2.Assuming that the force on AC is 0 Newton, then, the gravity of AB, AF and A, the three forces are balanced, and the magnitude of F is calculated according to the angle relationship, if AF is smaller, then the component AC of AB in the horizontal direction must be greater than the component of AF in the horizontal direction, then AC cannot be straightened, so the value is the lower limit.

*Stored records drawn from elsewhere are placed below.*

(* There exists an invertible $22\times22$ binary matrix such that the corresponding linear kernel has partial distance sequence $(1,2,2,2,2,2,4,4,4,4,4,4,8,8,8,8,8,8,8,12,12,16)$. Consequently $E_{22}\ge\frac1{22}\sum_{i=0}^{21}\log_{22}D_{min}^{(i)}\approx0.50118$.
   Context: A kernel of dimension $\ell$ is a bijection $g:\{0,1\}^\ell\to\{0,1\}^\ell$; a linear kernel is $g({\bf u})={\bf u}G$ over $\mathbb{F}_2$ for an invertible $\ell\times\ell$ binary matrix $G$. ${\bf a}\bullet{\bf b}$ denotes concatenation, $d_H$ Hamming distance. Partial distances: $D_{min}^{(i)}=\min\{d_H(g({\bf w}\bullet 0\bullet{\bf u}),g({\bf w}\bullet 1\bullet {\bf v})) : {\bf w}\in\{0,1\}^i,\ {\bf u},{\bf v}\in\{0,1\}^{\ell-i-1}\}$, $i=0,\dots,\ell-1$; exponent $E(g)=\frac1\ell\sum_{i}\log_\ell D_{min}^{(i)}$; $E_\ell=\max_g E(g)$ over all kernels of dimension $\ell$. *)

theory Defs
  imports Complex_Main "HOL-Library.Z2"
begin

definition bvecs :: "nat \<Rightarrow> bit list set" where
  "bvecs l = {xs. length xs = l}"

definition hdist :: "bit list \<Rightarrow> bit list \<Rightarrow> nat" where
  "hdist x y = card {i. i < length x \<and> x ! i \<noteq> y ! i}"

definition is_kernel :: "nat \<Rightarrow> (bit list \<Rightarrow> bit list) \<Rightarrow> bool" where
  "is_kernel l g \<longleftrightarrow> bij_betw g (bvecs l) (bvecs l)"

definition mat_invertible :: "nat \<Rightarrow> (nat \<Rightarrow> nat \<Rightarrow> bit) \<Rightarrow> bool" where
  "mat_invertible l G \<longleftrightarrow> (\<exists>H. \<forall>i<l. \<forall>j<l.
      (\<Sum>k<l. G i k * H k j) = (if i = j then 1 else 0) \<and>
      (\<Sum>k<l. H i k * G k j) = (if i = j then 1 else 0))"

definition lin_kernel :: "nat \<Rightarrow> (nat \<Rightarrow> nat \<Rightarrow> bit) \<Rightarrow> bit list \<Rightarrow> bit list" where
  "lin_kernel l G u = map (\<lambda>j. \<Sum>i<l. u ! i * G i j) [0..<l]"

definition partial_dist :: "nat \<Rightarrow> (bit list \<Rightarrow> bit list) \<Rightarrow> nat \<Rightarrow> nat" where
  "partial_dist l g i = Min {hdist (g (w @ [0] @ u)) (g (w @ [1] @ v)) | w u v.
      length w = i \<and> length u = l - i - 1 \<and> length v = l - i - 1}"

definition kernel_exponent :: "nat \<Rightarrow> (bit list \<Rightarrow> bit list) \<Rightarrow> real" where
  "kernel_exponent l g = (1 / real l) * (\<Sum>i<l. log (real l) (real (partial_dist l g i)))"

text \<open>E_l: maximum exponent over all kernels of dimension l (the set of values is finite).\<close>
definition E_max :: "nat \<Rightarrow> real" where
  "E_max l = Max {kernel_exponent l g | g. is_kernel l g}"

end

theory Submission
  imports Defs "HOL-Decision_Procs.Approximation_Bounds"
begin

text \<open>For a linear kernel \<open>u \<mapsto> u G\<close> the $i$-th partial distance is the least weight of
  a word in the coset $G_i + \langle G_{i+1}, \dots, G_{21}\rangle$ of the code spanned by
  the later rows, and it is attained by the row $G_i$ itself. For the explicit matrix the lower
  bounds come from four sources: invertibility (no such word vanishes), even weight of all
  rows but the first, six parity checks with pairwise distinct columns (among them the all-ones
  word) annihilating rows 6 to 21, which rule out weight 2, and for $i \ge 12$ an exhaustive
  search through the at most $2^9$ words of the coset. The exponent then equals
  $(46 \log 2 + 2 \log 3) / (22 \log 22)$, estimated via the logarithms of
  10/9, 25/24, 81/80 and 121/120.\<close>

text \<open>The default simp rules rewrite \<open>+\<close> and \<open>*\<close> on bits into \<open>xor\<close> and \<open>and\<close>,
  which defeats ring reasoning and makes the simplifier loop below.\<close>
declare add_bit_eq_xor [simp del] mult_bit_eq_and [simp del]

section \<open>Weights of binary words\<close>

lemma bit_neq_iff_add: "((x::bit) \<noteq> y) \<longleftrightarrow> x + y \<noteq> 0"
  by (cases x; cases y) (simp_all add: add_bit_eq_xor)

lemma of_nat_bit_eq_0_iff: "(of_nat n :: bit) = 0 \<longleftrightarrow> even n"
  by (induction n) (simp_all add: add_bit_eq_xor)

definition weight :: "bit list \<Rightarrow> nat" where
  "weight x = length (filter (\<lambda>b. b \<noteq> 0) x)"

definition dot :: "'a::semiring_0 list \<Rightarrow> 'a list \<Rightarrow> 'a" where
  "dot x y = sum_list (map2 (*) x y)"

lemma weight_conv_card: "weight x = card {j. j < length x \<and> x ! j \<noteq> 0}"
  by (simp add: weight_def length_filter_conv_card)

lemma weight_le_length: "weight x \<le> length x"
  by (simp add: weight_def)

lemma hdist_le_length: "hdist x y \<le> length x"
proof -
  have "hdist x y \<le> card {..<length x}" unfolding hdist_def by (rule card_mono) auto
  then show ?thesis by simp
qed

lemma hdist_eq_weight:
  assumes "length x = length y"
  shows "hdist x y = weight (map2 (+) x y)"
  unfolding hdist_def weight_conv_card
  by (rule arg_cong[where f = card]) (use assms bit_neq_iff_add in auto)

lemma dot_eq_sum:
  "length x = n \<Longrightarrow> length y = n \<Longrightarrow> dot x y = (\<Sum>j<n. x ! j * y ! j)"
  by (simp add: dot_def sum_list_sum_nth atLeast0LessThan)

lemma dot_eq_sum_support:
  fixes x y :: "bit list"
  assumes "length y = length x"
  shows "dot x y = (\<Sum>j | j < length x \<and> x ! j \<noteq> 0. y ! j)"
proof -
  have "dot x y = (\<Sum>j<length x. if x ! j \<noteq> 0 then y ! j else 0)"
    unfolding dot_eq_sum[OF refl assms] by (intro sum.cong refl) auto
  also have "\<dots> = (\<Sum>j | j < length x \<and> x ! j \<noteq> 0. y ! j)"
    by (simp add: sum.inter_filter[symmetric] lessThan_def)
  finally show ?thesis .
qed

lemma even_weight_if_dot_ones:
  assumes "dot x (replicate (length x) 1) = 0"
  shows "even (weight x)"
proof -
  have "(of_nat (weight x) :: bit) = dot x (replicate (length x) 1)"
    by (simp add: dot_eq_sum_support weight_conv_card)
  then show ?thesis using assms by (simp add: of_nat_bit_eq_0_iff)
qed

lemma weight_ge_2:
  assumes "0 < weight x" and "dot x (replicate (length x) 1) = 0"
  shows "2 \<le> weight x"
  using even_weight_if_dot_ones[OF assms(2)] assms(1) by presburger

lemma length_transpose_rows:
  "xs \<noteq> [] \<Longrightarrow> \<forall>r\<in>set xs. length r = n \<Longrightarrow> length (transpose xs) = n"
proof (induction xs)
  case (Cons r rs)
  then show ?case by (cases "rs = []") (auto simp: length_transpose)
qed simp

text \<open>A support of size 2 is impossible: the two corresponding columns of \<open>Hs\<close> would agree.\<close>
lemma weight_ge_4:
  assumes "0 < weight x"
    and ones: "replicate (length x) 1 \<in> set Hs"
    and orth: "\<forall>h\<in>set Hs. length h = length x \<and> dot x h = 0"
    and columns: "distinct (transpose Hs)"
  shows "4 \<le> weight x"
proof -
  have "2 \<le> weight x" using weight_ge_2 assms by blast
  moreover have "even (weight x)" using even_weight_if_dot_ones ones orth by blast
  moreover have "weight x \<noteq> 2"
  proof
    assume "weight x = 2"
    then obtain a b where ab: "{j. j < length x \<and> x ! j \<noteq> 0} = {a, b}" "a \<noteq> b"
      by (auto simp: weight_conv_card card_2_iff)
    then have "a < length x" "b < length x" by auto
    moreover have "length (transpose Hs) = length x"
      using ones orth by (intro length_transpose_rows) auto
    ultimately have "transpose Hs ! a \<noteq> transpose Hs ! b"
      using columns ab(2) by (simp add: nth_eq_iff_index_eq)
    then obtain h where h: "h \<in> set Hs" "h ! a \<noteq> h ! b"
      using \<open>a < length x\<close> \<open>b < length x\<close> \<open>length (transpose Hs) = length x\<close> orth
      by (auto simp: nth_transpose)
    have "dot x h = h ! a + h ! b"
      using h(1) orth ab by (simp add: dot_eq_sum_support)
    then show False using h orth bit_neq_iff_add by metis
  qed
  ultimately show ?thesis by presburger
qed

section \<open>Linear kernels\<close>

lemma length_lin_kernel [simp]: "length (lin_kernel n G u) = n"
  by (simp add: lin_kernel_def)

lemma nth_lin_kernel: "j < n \<Longrightarrow> lin_kernel n G u ! j = (\<Sum>i<n. u ! i * G i j)"
  by (simp add: lin_kernel_def)

lemma lin_kernel_add:
  assumes "length u = n" "length v = n"
  shows "lin_kernel n G (map2 (+) u v) = map2 (+) (lin_kernel n G u) (lin_kernel n G v)"
  by (rule nth_equalityI) (simp_all add: assms nth_lin_kernel distrib_right sum.distrib)

lemma lin_kernel_zero: "lin_kernel n G (replicate n 0) = replicate n 0"
  by (rule nth_equalityI) (simp_all add: nth_lin_kernel)

lemma lin_kernel_unit:
  assumes "k < n"
  shows "lin_kernel n G (replicate k 0 @ 1 # replicate (n - Suc k) 0) = map (G k) [0..<n]"
proof (rule nth_equalityI)
  fix j assume "j < length (lin_kernel n G (replicate k 0 @ 1 # replicate (n - Suc k) 0))"
  then have j: "j < n" by simp
  have "(replicate k 0 @ 1 # replicate (n - Suc k) 0) ! i * G i j = (if i = k then G k j else 0)"
    if "i < n" for i :: nat
    using that by (auto simp: nth_append nth_Cons split: nat.split)
  then have "lin_kernel n G (replicate k 0 @ 1 # replicate (n - Suc k) 0) ! j
      = (\<Sum>i<n. if i = k then G k j else 0)"
    unfolding nth_lin_kernel[OF j] by (intro sum.cong) auto
  then show "lin_kernel n G (replicate k 0 @ 1 # replicate (n - Suc k) 0) ! j = map (G k) [0..<n] ! j"
    using assms j by simp
qed simp

lemma lin_kernel_inverse:
  assumes inv: "\<forall>i<n. \<forall>m<n. (\<Sum>j<n. G i j * H j m) = (if i = m then 1 else 0)"
    and "length u = n"
  shows "lin_kernel n H (lin_kernel n G u) = u"
proof (rule nth_equalityI)
  fix m assume "m < length (lin_kernel n H (lin_kernel n G u))"
  then have m: "m < n" by simp
  have "lin_kernel n H (lin_kernel n G u) ! m = (\<Sum>j<n. \<Sum>i<n. u ! i * (G i j * H j m))"
    by (simp add: m nth_lin_kernel sum_distrib_right mult.assoc)
  also have "\<dots> = (\<Sum>i<n. u ! i * (\<Sum>j<n. G i j * H j m))"
    by (subst sum.swap) (simp add: sum_distrib_left)
  also have "\<dots> = (\<Sum>i<n. if i = m then u ! m else 0)"
    using inv m by (intro sum.cong) auto
  also have "\<dots> = u ! m" using m by simp
  finally show "lin_kernel n H (lin_kernel n G u) ! m = u ! m" .
qed (simp add: assms)
(* For every $w\in W^{\mathfrak p}$ the number of arcs of the matching $M(\alpha_w)$ that join a negative point to a positive point is even. Consequently the cup diagram $C(w)$ is defined, and the assignment $w\mapsto C(w)$ is a bijection from $W^{\mathfrak p}$ onto the set $C(W^{\mathfrak p})=\{C(w)\mid w\in W^{\mathfrak p}\}$ (i.e. it is injective).
   Context: Let $n\ge 4$ and let $W$ be the Weyl group of type $D_n$: the Coxeter group on generators $s_0,\dots,s_{n-1}$ with $(s_is_j)^{m_{ij}}=e$, where $m_{ii}=1$, $m_{02}=m_{12}=3$, $m_{i,i+1}=3$ for $2\le i\le n-2$, and $m_{ij}=2$ otherwise. Let $l$ be the length function, $W_{\mathfrak p}=\langle s_1,\dots,s_{n-1}\rangle$, and $W^{\mathfrak p}=\{w\in W\mid l(sw)>l(w)\text{ for all } s\in\{s_1,\dots,s_{n-1}\}\}$ the minimal length representatives of $W_{\mathfrak p}\backslash W$. $W$ acts on the right on $\{+,-\}^n$: $s_i$ ($1\le i\le n-1$) swaps entries $i$ and $i+1$; $s_0$ sends $(a_1,a_2,a_3,\dots,a_n)$ to $(-a_2,-a_1,a_3,\dots,a_n)$. For $w\in W^{\mathfrak p}$ put $(\alpha_1,\dots,\alpha_n)=(+,\dots,+)\cdot w$ and $\alpha_{-i}=-\alpha_i$; the sequence $\alpha_w=(\alpha_{-n},\dots,\alpha_{-1},\alpha_1,\dots,\alpha_n)$. Let $P=\{-2n,\dots,-1,1,\dots,2n\}\subset\mathbb R$. The extended labeling of $P$ attached to $w$ puts $+$ at every $j<-n$, $-$ at every $j>n$, and $\alpha_j$ at $j$ with $1\le |j|\le n$. The matching $M(\alpha_w)$ is the (unique) set of $2n$ pairwise non-intersecting arcs in the lower half plane, each point of $P$ an endpoint of exactly one arc, each arc joining a point labeled $+$ to a point labeled $-$ with the $+$ point to the left. The cup diagram $C(w)$: the arcs of $M(\alpha_w)$ joining a negative to a positive point are of the form $(-y,y)$; list them as $y_1<y_2<\dots<y_{2k}$. For each $j=1,\dots,k$ replace the arcs $(-y_{2j-1},y_{2j-1})$ and $(-y_{2j},y_{2j})$ by the two arcs joining $-y_{2j}$ to $y_{2j-1}$ and $-y_{2j-1}$ to $y_{2j}$ (these cross once on the line $x=0$ and are called a linked pair). All other arcs are kept. *)

theory Defs
  imports Main
begin

text \<open>Elements of W are represented by words in the generators s_0,...,s_{n-1}
  (lists of indices < n), modulo the congruence generated by the Coxeter relations.\<close>

definition cox_m :: "nat \<Rightarrow> nat \<Rightarrow> nat \<Rightarrow> nat" where
  "cox_m n i j =
     (if i = j then 1
      else if {i, j} = {0, 2} \<or> {i, j} = {1, 2} then 3
      else if 2 \<le> min i j \<and> max i j = min i j + 1 \<and> max i j \<le> n - 1 then 3
      else 2)"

According to these two equations, the equation is fsin +t1sin mg=0 .1 fcosθ－t2－t1cosθ=0 ..2 from Eq. 2 gives f = (t2+t1cos ) cos =t2 cos +t1 .

3 From Eq. 1 we get t1 = (mg-fsin ) sin =mg sin -f .4. Bringing Eq. 4 into Eq. 3 gives f = t2 cos +mg sin -f, that is, 2f = t2 cos +mg sin f = t2 2cos +mg 2sin, and merging to obtain f = (t2sin +mgcos ) 2sin cos = t2 2cos +mg 2sin

1.Erasers are fast because the paper is subject to high air resistance during the fall. If pinched, the ball will fall faster because there is less air resistance.

2. h = 1/2 * g * t^2

In free fall, the displacement is equal to g(t 2) divided by 2, so 2 = if there is air resistance, the falling speed is not that fast, so the actual height is less than the calculated value.

Answer: 1. Release a piece of paper and a piece of stationery eraser at the same time. Stationery erasers will fall quickly; Then knead the paper into a very small and tight paper ball and release the eraser at the same time, and the paper will fall faster than the last time.

Because the object will be affected by air resistance when falling (moving) in the atmosphere, the lighter the object, the larger the area of the moving surface, the greater the impact, so the first paper piece falls slowly, when the paper is pinched into a very small and tight paper ball, it is affected by air resistance and becomes smaller, so it is faster than the first time.